▸ **What the exercise asks**
Could you show each line of the records that contains the word "fvar"?
--------------------
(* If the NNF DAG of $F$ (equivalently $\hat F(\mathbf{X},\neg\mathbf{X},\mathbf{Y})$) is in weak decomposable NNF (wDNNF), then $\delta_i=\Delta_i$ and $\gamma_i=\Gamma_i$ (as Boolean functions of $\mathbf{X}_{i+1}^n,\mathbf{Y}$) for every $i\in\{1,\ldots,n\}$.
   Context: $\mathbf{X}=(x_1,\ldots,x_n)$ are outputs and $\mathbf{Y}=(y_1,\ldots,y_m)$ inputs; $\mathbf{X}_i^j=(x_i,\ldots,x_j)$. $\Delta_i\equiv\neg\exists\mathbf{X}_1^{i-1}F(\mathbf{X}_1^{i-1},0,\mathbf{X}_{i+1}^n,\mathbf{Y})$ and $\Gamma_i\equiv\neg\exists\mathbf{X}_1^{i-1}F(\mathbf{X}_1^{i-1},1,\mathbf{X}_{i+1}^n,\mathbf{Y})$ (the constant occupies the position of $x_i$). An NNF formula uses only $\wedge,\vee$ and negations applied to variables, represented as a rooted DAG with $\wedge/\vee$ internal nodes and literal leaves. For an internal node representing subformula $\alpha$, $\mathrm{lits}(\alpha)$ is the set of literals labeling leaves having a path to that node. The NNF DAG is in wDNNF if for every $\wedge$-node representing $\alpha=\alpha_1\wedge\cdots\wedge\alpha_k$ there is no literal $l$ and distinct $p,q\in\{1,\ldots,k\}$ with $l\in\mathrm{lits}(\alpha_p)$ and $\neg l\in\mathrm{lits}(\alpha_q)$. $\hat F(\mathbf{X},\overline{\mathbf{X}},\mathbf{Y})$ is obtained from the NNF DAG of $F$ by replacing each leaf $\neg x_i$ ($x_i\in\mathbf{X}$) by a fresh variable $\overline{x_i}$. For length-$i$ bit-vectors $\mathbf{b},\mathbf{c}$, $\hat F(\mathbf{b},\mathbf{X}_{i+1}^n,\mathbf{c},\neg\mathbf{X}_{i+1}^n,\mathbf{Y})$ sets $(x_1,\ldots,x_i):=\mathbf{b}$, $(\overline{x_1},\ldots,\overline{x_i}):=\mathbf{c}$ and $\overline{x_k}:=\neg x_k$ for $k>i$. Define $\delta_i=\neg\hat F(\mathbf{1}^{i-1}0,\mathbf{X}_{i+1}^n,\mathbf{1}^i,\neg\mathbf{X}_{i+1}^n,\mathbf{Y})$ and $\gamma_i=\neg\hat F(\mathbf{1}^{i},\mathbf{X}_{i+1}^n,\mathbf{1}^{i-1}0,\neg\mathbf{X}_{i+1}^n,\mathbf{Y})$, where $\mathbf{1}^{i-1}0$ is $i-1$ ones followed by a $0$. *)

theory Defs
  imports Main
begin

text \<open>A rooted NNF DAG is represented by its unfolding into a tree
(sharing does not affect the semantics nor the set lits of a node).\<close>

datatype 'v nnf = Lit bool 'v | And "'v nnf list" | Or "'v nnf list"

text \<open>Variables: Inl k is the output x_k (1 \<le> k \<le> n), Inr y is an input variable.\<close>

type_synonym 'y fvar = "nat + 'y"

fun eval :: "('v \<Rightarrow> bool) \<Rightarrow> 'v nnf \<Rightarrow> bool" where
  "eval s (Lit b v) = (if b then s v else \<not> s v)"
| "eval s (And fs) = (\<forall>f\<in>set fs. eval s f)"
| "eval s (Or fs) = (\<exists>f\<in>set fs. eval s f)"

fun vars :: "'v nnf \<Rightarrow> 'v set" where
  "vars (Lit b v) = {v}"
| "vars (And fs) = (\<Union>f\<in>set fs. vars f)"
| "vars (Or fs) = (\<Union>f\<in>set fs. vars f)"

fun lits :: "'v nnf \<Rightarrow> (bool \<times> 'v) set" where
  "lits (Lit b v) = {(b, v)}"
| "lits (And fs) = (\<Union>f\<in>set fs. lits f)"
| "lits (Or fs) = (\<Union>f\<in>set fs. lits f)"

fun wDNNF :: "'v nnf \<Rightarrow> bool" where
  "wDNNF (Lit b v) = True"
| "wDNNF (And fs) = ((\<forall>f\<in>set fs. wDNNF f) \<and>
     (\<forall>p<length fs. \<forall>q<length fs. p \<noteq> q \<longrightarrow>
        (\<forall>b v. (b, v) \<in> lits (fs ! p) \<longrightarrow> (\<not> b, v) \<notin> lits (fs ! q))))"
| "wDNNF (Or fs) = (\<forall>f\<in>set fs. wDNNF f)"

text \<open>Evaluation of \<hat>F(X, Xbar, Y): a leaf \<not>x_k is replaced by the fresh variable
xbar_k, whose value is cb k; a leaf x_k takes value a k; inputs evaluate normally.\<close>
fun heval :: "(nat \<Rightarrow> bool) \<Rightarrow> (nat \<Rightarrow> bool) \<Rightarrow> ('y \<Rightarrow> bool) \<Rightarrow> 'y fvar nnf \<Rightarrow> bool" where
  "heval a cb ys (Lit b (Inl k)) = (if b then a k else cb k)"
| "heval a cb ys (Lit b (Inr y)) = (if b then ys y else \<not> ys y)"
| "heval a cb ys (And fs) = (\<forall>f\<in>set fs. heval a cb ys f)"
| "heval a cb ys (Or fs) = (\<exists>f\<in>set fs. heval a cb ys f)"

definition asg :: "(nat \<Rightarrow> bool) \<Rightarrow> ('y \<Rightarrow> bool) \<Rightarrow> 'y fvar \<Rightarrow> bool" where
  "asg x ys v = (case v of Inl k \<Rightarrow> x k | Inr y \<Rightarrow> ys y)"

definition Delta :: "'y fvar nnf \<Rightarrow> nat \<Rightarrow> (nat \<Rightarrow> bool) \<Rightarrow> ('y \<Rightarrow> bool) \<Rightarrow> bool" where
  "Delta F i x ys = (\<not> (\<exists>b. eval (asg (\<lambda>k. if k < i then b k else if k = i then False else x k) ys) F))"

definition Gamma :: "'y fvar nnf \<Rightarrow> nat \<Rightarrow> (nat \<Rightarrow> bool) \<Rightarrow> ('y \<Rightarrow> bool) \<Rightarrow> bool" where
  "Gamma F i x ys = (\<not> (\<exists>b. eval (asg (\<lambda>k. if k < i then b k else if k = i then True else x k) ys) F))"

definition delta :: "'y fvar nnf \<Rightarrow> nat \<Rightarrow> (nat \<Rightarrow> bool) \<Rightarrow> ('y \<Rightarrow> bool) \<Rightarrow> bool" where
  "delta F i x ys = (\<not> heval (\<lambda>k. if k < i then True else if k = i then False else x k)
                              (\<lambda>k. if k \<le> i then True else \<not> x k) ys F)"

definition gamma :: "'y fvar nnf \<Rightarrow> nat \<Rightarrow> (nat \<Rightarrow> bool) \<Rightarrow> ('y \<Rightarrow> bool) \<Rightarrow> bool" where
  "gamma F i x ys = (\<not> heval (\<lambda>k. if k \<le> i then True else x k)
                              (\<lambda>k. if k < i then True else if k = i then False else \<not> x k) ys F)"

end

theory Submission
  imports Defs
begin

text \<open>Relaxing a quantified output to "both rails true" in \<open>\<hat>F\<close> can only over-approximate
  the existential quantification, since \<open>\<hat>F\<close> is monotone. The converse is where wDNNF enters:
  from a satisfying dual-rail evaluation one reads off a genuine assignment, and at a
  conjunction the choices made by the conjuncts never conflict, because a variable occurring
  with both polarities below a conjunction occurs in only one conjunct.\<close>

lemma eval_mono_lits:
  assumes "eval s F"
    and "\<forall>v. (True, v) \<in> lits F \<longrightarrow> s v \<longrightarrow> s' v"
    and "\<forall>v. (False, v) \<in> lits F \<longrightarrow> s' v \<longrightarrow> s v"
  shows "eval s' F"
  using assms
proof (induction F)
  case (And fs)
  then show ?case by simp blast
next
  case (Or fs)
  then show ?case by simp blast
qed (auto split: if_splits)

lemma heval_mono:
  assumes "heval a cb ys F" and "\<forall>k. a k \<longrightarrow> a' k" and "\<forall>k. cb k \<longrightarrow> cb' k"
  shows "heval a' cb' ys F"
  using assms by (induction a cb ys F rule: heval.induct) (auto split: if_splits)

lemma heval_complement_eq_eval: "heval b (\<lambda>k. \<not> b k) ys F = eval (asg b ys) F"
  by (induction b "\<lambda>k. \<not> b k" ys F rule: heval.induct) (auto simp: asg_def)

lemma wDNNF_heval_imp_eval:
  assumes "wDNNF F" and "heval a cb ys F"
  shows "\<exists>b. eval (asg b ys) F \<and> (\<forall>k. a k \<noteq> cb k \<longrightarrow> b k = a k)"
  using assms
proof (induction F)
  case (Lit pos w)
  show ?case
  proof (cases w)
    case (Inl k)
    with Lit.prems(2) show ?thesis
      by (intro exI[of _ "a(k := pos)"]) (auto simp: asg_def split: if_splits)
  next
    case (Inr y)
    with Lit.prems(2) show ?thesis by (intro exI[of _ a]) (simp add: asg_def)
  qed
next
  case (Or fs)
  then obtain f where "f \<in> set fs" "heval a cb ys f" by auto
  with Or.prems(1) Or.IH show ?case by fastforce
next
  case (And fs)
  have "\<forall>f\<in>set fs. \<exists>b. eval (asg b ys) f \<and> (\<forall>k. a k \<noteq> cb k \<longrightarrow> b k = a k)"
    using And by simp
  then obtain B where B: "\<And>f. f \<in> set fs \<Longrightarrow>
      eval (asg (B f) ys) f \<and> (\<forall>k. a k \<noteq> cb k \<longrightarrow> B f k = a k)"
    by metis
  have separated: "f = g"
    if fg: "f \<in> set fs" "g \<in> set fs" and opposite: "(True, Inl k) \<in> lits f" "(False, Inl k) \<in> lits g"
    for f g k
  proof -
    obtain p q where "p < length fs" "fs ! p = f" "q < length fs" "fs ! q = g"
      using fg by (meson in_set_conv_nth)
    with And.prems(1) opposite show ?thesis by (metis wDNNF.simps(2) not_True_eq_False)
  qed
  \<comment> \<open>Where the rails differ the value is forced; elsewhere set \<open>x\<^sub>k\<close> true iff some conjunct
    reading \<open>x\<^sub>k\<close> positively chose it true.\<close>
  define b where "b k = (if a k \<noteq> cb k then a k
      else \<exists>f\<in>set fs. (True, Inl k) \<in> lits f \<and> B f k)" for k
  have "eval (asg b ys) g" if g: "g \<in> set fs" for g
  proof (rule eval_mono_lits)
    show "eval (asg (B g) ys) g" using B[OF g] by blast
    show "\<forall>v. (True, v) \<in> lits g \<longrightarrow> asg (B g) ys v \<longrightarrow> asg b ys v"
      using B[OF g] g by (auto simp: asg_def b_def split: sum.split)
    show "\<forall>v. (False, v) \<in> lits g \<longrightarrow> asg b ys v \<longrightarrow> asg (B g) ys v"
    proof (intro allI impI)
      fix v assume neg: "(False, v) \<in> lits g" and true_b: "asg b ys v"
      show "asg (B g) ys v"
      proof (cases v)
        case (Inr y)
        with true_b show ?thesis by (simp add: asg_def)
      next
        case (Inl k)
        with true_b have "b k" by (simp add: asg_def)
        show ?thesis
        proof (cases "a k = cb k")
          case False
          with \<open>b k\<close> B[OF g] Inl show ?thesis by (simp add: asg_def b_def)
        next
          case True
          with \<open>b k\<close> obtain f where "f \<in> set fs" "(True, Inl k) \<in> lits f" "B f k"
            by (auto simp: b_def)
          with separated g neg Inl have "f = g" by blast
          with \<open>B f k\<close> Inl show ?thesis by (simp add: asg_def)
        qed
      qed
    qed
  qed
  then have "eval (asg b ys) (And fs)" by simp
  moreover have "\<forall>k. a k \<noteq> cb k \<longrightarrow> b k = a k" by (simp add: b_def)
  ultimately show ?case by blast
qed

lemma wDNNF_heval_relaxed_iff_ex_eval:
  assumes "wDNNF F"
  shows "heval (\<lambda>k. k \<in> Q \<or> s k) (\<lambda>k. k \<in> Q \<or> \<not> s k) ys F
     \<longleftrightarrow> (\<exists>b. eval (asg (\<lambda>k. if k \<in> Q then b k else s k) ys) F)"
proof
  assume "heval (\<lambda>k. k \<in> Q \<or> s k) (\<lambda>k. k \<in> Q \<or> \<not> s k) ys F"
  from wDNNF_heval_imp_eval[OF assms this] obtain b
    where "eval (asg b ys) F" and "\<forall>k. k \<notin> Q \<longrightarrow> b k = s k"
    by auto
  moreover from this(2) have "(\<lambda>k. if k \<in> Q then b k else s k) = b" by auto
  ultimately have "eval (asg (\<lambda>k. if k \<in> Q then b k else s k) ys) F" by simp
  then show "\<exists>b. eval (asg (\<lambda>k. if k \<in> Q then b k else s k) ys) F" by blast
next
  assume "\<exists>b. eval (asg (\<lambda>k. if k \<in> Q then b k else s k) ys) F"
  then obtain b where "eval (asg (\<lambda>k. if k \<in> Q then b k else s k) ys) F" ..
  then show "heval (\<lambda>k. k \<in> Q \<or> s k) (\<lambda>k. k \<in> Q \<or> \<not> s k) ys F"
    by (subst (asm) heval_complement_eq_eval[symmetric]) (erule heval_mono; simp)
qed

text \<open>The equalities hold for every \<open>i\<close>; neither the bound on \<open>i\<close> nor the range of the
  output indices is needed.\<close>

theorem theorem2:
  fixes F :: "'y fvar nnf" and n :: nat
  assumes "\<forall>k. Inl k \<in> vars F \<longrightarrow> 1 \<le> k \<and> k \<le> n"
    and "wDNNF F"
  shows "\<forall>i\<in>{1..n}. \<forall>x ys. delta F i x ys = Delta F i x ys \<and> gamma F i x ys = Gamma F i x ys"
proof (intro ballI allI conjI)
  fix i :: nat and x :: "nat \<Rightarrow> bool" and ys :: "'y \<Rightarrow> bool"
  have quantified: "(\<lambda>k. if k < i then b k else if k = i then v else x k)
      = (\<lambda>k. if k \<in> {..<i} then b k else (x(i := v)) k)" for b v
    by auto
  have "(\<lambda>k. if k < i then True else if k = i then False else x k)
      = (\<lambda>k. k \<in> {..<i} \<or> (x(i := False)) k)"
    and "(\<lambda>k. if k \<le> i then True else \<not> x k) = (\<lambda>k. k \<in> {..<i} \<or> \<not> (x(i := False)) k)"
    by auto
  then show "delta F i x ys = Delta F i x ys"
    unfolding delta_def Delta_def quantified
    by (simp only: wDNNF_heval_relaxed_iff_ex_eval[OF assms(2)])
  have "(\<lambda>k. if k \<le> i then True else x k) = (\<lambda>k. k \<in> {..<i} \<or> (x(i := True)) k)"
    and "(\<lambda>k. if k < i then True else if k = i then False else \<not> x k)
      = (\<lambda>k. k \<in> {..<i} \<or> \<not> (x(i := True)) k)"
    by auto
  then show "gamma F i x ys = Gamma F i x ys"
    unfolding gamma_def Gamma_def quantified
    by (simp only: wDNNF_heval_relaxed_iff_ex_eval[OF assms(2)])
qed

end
--------------------
▸ **Written answer**
type_synonym 'y fvar = "nat + 'y"
fun heval :: "(nat \<Rightarrow> bool) \<Rightarrow> (nat \<Rightarrow> bool) \<Rightarrow> ('y \<Rightarrow> bool) \<Rightarrow> 'y fvar nnf \<Rightarrow> bool" where
definition asg :: "(nat \<Rightarrow> bool) \<Rightarrow> ('y \<Rightarrow> bool) \<Rightarrow> 'y fvar \<Rightarrow> bool" where
definition Delta :: "'y fvar nnf \<Rightarrow> nat \<Rightarrow> (nat \<Rightarrow> bool) \<Rightarrow> ('y \<Rightarrow> bool) \<Rightarrow> bool" where
definition Gamma :: "'y fvar nnf \<Rightarrow> nat \<Rightarrow> (nat \<Rightarrow> bool) \<Rightarrow> ('y \<Rightarrow> bool) \<Rightarrow> bool" where
definition delta :: "'y fvar nnf \<Rightarrow> nat \<Rightarrow> (nat \<Rightarrow> bool) \<Rightarrow> ('y \<Rightarrow> bool) \<Rightarrow> bool" where
definition gamma :: "'y fvar nnf \<Rightarrow> nat \<Rightarrow> (nat \<Rightarrow> bool) \<Rightarrow> ('y \<Rightarrow> bool) \<Rightarrow> bool" where
  fixes F :: "'y fvar nnf" and n :: nat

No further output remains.